Fracking in the United States
We have reached a point in time where the fundamental backbone of our entire society is fossil fuels. They are the fuel of our electricity, methods of transportation, and the most revolutionizing material yet: plastic. However, we as humans often forget that this miracle fuel is a finite resource and that we are perpetually diminishing it. Due to this, we are constantly researching and developing new methods for extraction. Our newest method of accessing untapped reservoirs of fossil fuels is Hydraulic Fracturing, commonly known as fracking. Fracking is a method of further extracting natural gasses from targeted rock layers deep within the ground. It involves a process of drilling down vertically then horizontally, and pumping a mixture of water, proppants (solid material designed to keep an induced hydraulic fracture open) and assorted chemicals deep into the ground at high pressures. These high pressures cause the rock to fracture, releasing the hydrocarbons stored within (Willow & Wylie 2014).
Fracking has set off alarms within several different paradigms as it is inherently a destructive process that has a large potential to negatively impact the immediate environment, as well as communities that are situated near such operations. This is largely important since fracking operations have grown exponentially since the mid-1990s, when technologic advances and increases in the price of natural gas made the technique economically viable. Fracking is currently taking place in eleven states, and an additional 8 States are either considering or preparing for drilling using this method. Vermont has permanently banned fracking, and New York and North Carolina have instituted temporary bans. (McDermott-Levy, Kaktins & Sattler 2013) In this initial section I will be elaborating on the impacts of fracking on the environment (water and soil contamination, air pollution) as well as how fracking has a detrimental impact on human health.
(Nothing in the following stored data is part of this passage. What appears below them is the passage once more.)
lemma is_dynamo_iff_activated:
  assumes sg: "simple_graph V E" and "D \<subseteq> V"
  shows "is_dynamo V E \<tau> D \<longleftrightarrow> V \<subseteq> activated V E \<tau> D"
proof
  assume "V \<subseteq> activated V E \<tau> D"
  moreover have "finite V" using sg unfolding simple_graph_def by blast
  ultimately obtain k where "V \<subseteq> (spread_step V E \<tau> ^^ k) D"
    using finite_subset_activated_iterate by blast
  with spread_step_iterate_subset[OF assms(2), where k=k and E=E and \<tau>=\<tau>]
  have "(spread_step V E \<tau> ^^ k) D = V" by blast
  then show "is_dynamo V E \<tau> D" using assms(2) unfolding is_dynamo_def by blast
next
  assume "is_dynamo V E \<tau> D"
  then show "V \<subseteq> activated V E \<tau> D" unfolding is_dynamo_def activated_def by blast
qed

text \<open>\<open>del_vertices E X\<close> is the edge set of \<open>F - X\<close>; once \<open>X\<close> is active, the
  thresholds on \<open>F - X\<close> drop by \<open>deg_in E X\<close>.\<close>

definition del_vertices :: "'a set set \<Rightarrow> 'a set \<Rightarrow> 'a set set" where
  "del_vertices E X = {e \<in> E. e \<inter> X = {}}"

definition deg_in :: "'a set set \<Rightarrow> 'a set \<Rightarrow> 'a \<Rightarrow> nat" where
  "deg_in E X w = card {x \<in> X. {x, w} \<in> E}"

lemma del_vertices_subset: "del_vertices E X \<subseteq> E"
  unfolding del_vertices_def by auto

lemma del_vertices_edge_iff:
  "w \<notin> X \<Longrightarrow> {u, w} \<in> del_vertices E X \<longleftrightarrow> {u, w} \<in> E \<and> u \<notin> X"
  unfolding del_vertices_def by auto

lemma degree_del_vertices:
  assumes sg: "simple_graph V E" and w: "w \<notin> X"
  shows "degree E w = degree (del_vertices E X) w + deg_in E X w"
proof -
  have "{u. {u, w} \<in> E} = {u. {u, w} \<in> del_vertices E X} \<union> {x \<in> X. {x, w} \<in> E}"
    using w by (auto simp: del_vertices_edge_iff)
  moreover have "finite {u. {u, w} \<in> del_vertices E X}"
    by (rule finite_subset[OF _ finite_neighbours[OF sg, of w]]) (auto simp: del_vertices_def)
  moreover have "{u. {u, w} \<in> del_vertices E X} \<inter> {x \<in> X. {x, w} \<in> E} = {}"
    using w by (auto simp: del_vertices_edge_iff)
  ultimately show ?thesis
    unfolding degree_def deg_in_def by (simp add: card_Un_disjoint finite_neighbours_in[OF sg])
qed

lemma deg_in_singleton: "deg_in E {v} w = (if {v, w} \<in> E then 1 else 0)"
proof -
  have "{x \<in> {v}. {x, w} \<in> E} = (if {v, w} \<in> E then {v} else {})" by auto
  then show ?thesis unfolding deg_in_def by simp
qed

lemma forest_del_vertices:
  assumes "forest V E"
  shows "forest (V - X) (del_vertices E X)"
proof -
  have sg: "simple_graph V E" using assms unfolding forest_def by blast
  have "\<exists>u v. e = {u, v} \<and> u \<noteq> v \<and> u \<in> V - X \<and> v \<in> V - X" if e: "e \<in> del_vertices E X" for e
  proof -
    have "e \<in> E" and eX: "e \<inter> X = {}" using e unfolding del_vertices_def by auto
    then obtain u v where "e = {u, v}" "u \<noteq> v" "u \<in> V" "v \<in> V"
      using sg unfolding simple_graph_def by meson
    then show ?thesis using eX by auto
  qed
  then have "simple_graph (V - X) (del_vertices E X)"
    using sg unfolding simple_graph_def by auto
  moreover have "is_cycle V E cs" if "is_cycle (V - X) (del_vertices E X) cs" for cs
    using that del_vertices_subset[of E X] unfolding is_cycle_def by (meson Diff_subset subset_iff subset_trans)
  ultimately show ?thesis using assms unfolding forest_def by blast
qed

lemma matching_del_vertices: "matching (del_vertices E X) M \<Longrightarrow> matching E M"
  unfolding matching_def using del_vertices_subset by (meson subset_trans)

lemma Union_matching_del_vertices:
  assumes "simple_graph V E" and "matching (del_vertices E X) M"
  shows "\<Union>M \<subseteq> V - X"
proof
  fix x assume "x \<in> \<Union>M"
  then obtain e where e: "e \<in> M" "x \<in> e" by blast
  then have "e \<in> E" "e \<inter> X = {}"
    using assms(2) unfolding matching_def del_vertices_def by auto
  then show "x \<in> V - X" using e simple_graph_edge_subset[OF assms(1)] by auto
qed

lemma matching_insert_del_vertices:
  assumes "e \<in> E" and "matching (del_vertices E e) M"
  shows "matching E (insert e M)"
proof -
  have "M \<subseteq> E" and disj: "\<forall>e'\<in>M. e' \<inter> e = {}"
    using assms(2) unfolding matching_def del_vertices_def by auto
  then show ?thesis
    using assms unfolding matching_def by (metis Int_commute insert_iff insert_subset)
qed

lemma activated_by_subgraph_dynamo:
  assumes sg: "simple_graph V E" and "E' \<subseteq> E" and "V' \<subseteq> V"
    and dyn': "is_dynamo V' E' \<tau>' D'" and "D' \<subseteq> D"
    and A: "A \<subseteq> activated V E \<tau> D" "A \<inter> V' = {}"
    and thr: "\<forall>w\<in>V'. \<tau> w \<le> \<tau>' w + card {x \<in> A. {x, w} \<in> E}"
  shows "V' \<subseteq> activated V E \<tau> D"
proof -
  have "D' \<subseteq> V'" using dyn' unfolding is_dynamo_def by blast
  have "(spread_step V' E' \<tau>' ^^ k) D' \<subseteq> activated V E \<tau> D" for k
  proof (induction k)
    case 0
    then show ?case using \<open>D' \<subseteq> D\<close> activated_base[of D V E \<tau>] by auto
  next
    case (Suc k)
    let ?T = "(spread_step V' E' \<tau>' ^^ k) D'"
    have TV': "?T \<subseteq> V'" using spread_step_iterate_subset[OF \<open>D' \<subseteq> V'\<close>] .
    have "w \<in> activated V E \<tau> D"
      if w: "w \<in> V'" "w \<notin> ?T" and le: "\<tau>' w \<le> card {u \<in> ?T. {u, w} \<in> E'}" for w
    proof -
      let ?P = "{u \<in> ?T. {u, w} \<in> E'}" and ?Q = "{x \<in> A. {x, w} \<in> E}"
      have fin: "finite ?P" "finite ?Q"
        using finite_neighbours_in[OF sg, of ?T w] finite_neighbours_in[OF sg, of A w] \<open>E' \<subseteq> E\<close>
        by (auto intro: finite_subset[rotated])
      have "\<tau> w \<le> card ?P + card ?Q" using thr w le by fastforce
      also have "\<dots> = card (?P \<union> ?Q)" using fin TV' A(2) by (subst card_Un_disjoint) auto
      also have "\<dots> \<le> card {u \<in> activated V E \<tau> D. {u, w} \<in> E}"
        using Suc.IH \<open>E' \<subseteq> E\<close> A(1) by (intro card_mono finite_neighbours_in[OF sg]) auto
      finally show ?thesis using activated_closed[OF sg] w \<open>V' \<subseteq> V\<close> by blast
    qed
    then show ?case using Suc.IH unfolding spread_step_def by auto
  qed
  moreover obtain k where "(spread_step V' E' \<tau>' ^^ k) D' = V'"
    using dyn' unfolding is_dynamo_def by blast
  ultimately show ?thesis by metis
qed

lemma sum_degree_le_sum_threshold_del_vertices:
  assumes sg: "simple_graph V E" and U: "U \<subseteq> V - X"
    and sum: "(\<Sum>w\<in>U. degree (del_vertices E X) w) \<le> (\<Sum>w\<in>V - X. \<tau> w - deg_in E X w)"
    and pos: "\<forall>w\<in>U. 1 \<le> \<tau> w - deg_in E X w"
  shows "(\<Sum>w\<in>U. degree E w) \<le> (\<Sum>w\<in>V - X. \<tau> w)"
proof -
  let ?c = "deg_in E X"
  have fin: "finite (V - X)" using sg unfolding simple_graph_def by blast
  have "(\<Sum>w\<in>U. degree E w) = (\<Sum>w\<in>U. degree (del_vertices E X) w + ?c w)"
    using U degree_del_vertices[OF sg] by (intro sum.cong) auto
  also have "\<dots> = (\<Sum>w\<in>U. degree (del_vertices E X) w) + (\<Sum>w\<in>U. ?c w)"
    by (rule sum.distrib)
  also have "\<dots> \<le> (\<Sum>w\<in>V - X. \<tau> w - ?c w) + (\<Sum>w\<in>U. ?c w)"
    using sum by simp
  also have "\<dots> = (\<Sum>w\<in>(V - X) - U. \<tau> w - ?c w) + (\<Sum>w\<in>U. \<tau> w - ?c w + ?c w)"
    using sum.subset_diff[OF U fin] by (simp add: sum.distrib)
  also have "\<dots> \<le> (\<Sum>w\<in>(V - X) - U. \<tau> w) + (\<Sum>w\<in>U. \<tau> w)"
    using pos by (intro add_mono sum_mono) auto
  also have "\<dots> = (\<Sum>w\<in>V - X. \<tau> w)"
    by (rule sum.subset_diff[OF U fin, symmetric])
  finally show ?thesis .
qed

definition is_path :: "'a set \<Rightarrow> 'a set set \<Rightarrow> 'a list \<Rightarrow> bool" where
  "is_path V E xs \<longleftrightarrow> xs \<noteq> [] \<and> distinct xs \<and> set xs \<subseteq> V \<and>
     (\<forall>i. Suc i < length xs \<longrightarrow> {xs ! i, xs ! Suc i} \<in> E)"

lemma is_cycle_take_path:
  assumes p: "is_path V E xs" and i: "2 \<le> i" "i < length xs" and e: "{xs ! i, xs ! 0} \<in> E"
  shows "is_cycle V E (take (Suc i) xs)"
  unfolding is_cycle_def
proof (intro conjI allI impI)
  let ?cs = "take (Suc i) xs"
  have len: "length ?cs = Suc i" using i by simp
  show "3 \<le> length ?cs" "distinct ?cs" "set ?cs \<subseteq> V"
    using len i p set_take_subset[of "Suc i" xs] unfolding is_path_def by auto
  fix j assume j: "j < length ?cs"
  show "{?cs ! j, ?cs ! ((j + 1) mod length ?cs)} \<in> E"
  proof (cases "j = i")
    case True
    then show ?thesis using e len by simp
  next
    case False
    then have "Suc j < length ?cs" using j len by simp
    then show ?thesis using p i unfolding is_path_def by simp
  qed
qed

lemma forest_path_extend:
  assumes f: "forest V E" and p: "is_path V E xs" and deg: "\<forall>v\<in>V. 2 \<le> degree E v"
  shows "\<exists>y. is_path V E (y # xs)"
proof -
  have sg: "simple_graph V E" using f unfolding forest_def by blast
  let ?x = "xs ! 0"
  have "?x \<in> V" using p unfolding is_path_def by (simp add: subset_iff)
  then have two: "2 \<le> card {u. {u, ?x} \<in> E}" using deg unfolding degree_def by blast
  have "\<not> {u. {u, ?x} \<in> E} \<subseteq> {xs ! 1}"
  proof
    assume "{u. {u, ?x} \<in> E} \<subseteq> {xs ! 1}"
    from card_mono[OF _ this] two show False by simp
  qed
  then obtain y where y: "{y, ?x} \<in> E" and y1: "y \<noteq> xs ! 1" by blast
  have "y \<notin> set xs"
  proof
    assume "y \<in> set xs"
    then obtain i where i: "i < length xs" "xs ! i = y" by (metis in_set_conv_nth)
    moreover have "i \<noteq> 0" using i simple_graph_edgeD(1)[OF sg y] by (cases i) auto
    moreover have "i \<noteq> 1" using i y1 by auto
    ultimately have "is_cycle V E (take (Suc i) xs)"
      using y by (intro is_cycle_take_path[OF p]) auto
    then show False using f unfolding forest_def by blast
  qed
  moreover have "y \<in> V" using simple_graph_edgeD(2)[OF sg y] .
  ultimately have "is_path V E (y # xs)"
    unfolding is_path_def
  proof (intro conjI allI impI)
    fix i assume i: "Suc i < length (y # xs)"
    show "{(y # xs) ! i, (y # xs) ! Suc i} \<in> E"
    proof (cases i)
      case 0
      then show ?thesis using y by simp
    next
      case (Suc j)
      then show ?thesis using p i unfolding is_path_def by auto
    qed
  qed (use p in \<open>auto simp: is_path_def\<close>)
  then show ?thesis ..
qed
Fracking has raised concerns regarding the way it may damage underground water supplies. Since the process involves pumping up to millions of gallons of the mixture into the ground, the potential for water contamination is very high. There are already a host of documented instances in which nearby groundwater has been contaminated by fracking activities, requiring residents with private wells to obtain outside sources of water for drinking and everyday use.
Additionally, the air is significantly impacted by fracking operations. The large fleets of diesel trucks (typically 1,000 to 2,000 per well) that are required to support the fracking process significantly increase ground level ozone and particulate matter, as well as oxides of Nitrogen which further drives the enhanced greenhouse effect. (McDermott-Levy, Kaktins & Sattler 2013)
Fracking also creates the right circumstances for soil contamination, as drilling sludge (a mixture of drilling mud, rock segments containing hydrocarbons, heavy metals and radioactive materials) is what is being brought to the surface during the drilling phase. Further waste fluids that make their way to the surface must be very carefully disposed of due to their toxicity and potential to contaminate the soil and air. Additionally, some of these waste fluids need additional precaution because they are radioactive (due to the heavy metals or minerals in the drilling sludge). However, the illicit dumping of these materials is suspected to occur on a wide scale. Currently, no state has adequate regulations on drilling, particularly the disposal of the polluted water (McDermott-Levy, Kaktins & Sattler 2013).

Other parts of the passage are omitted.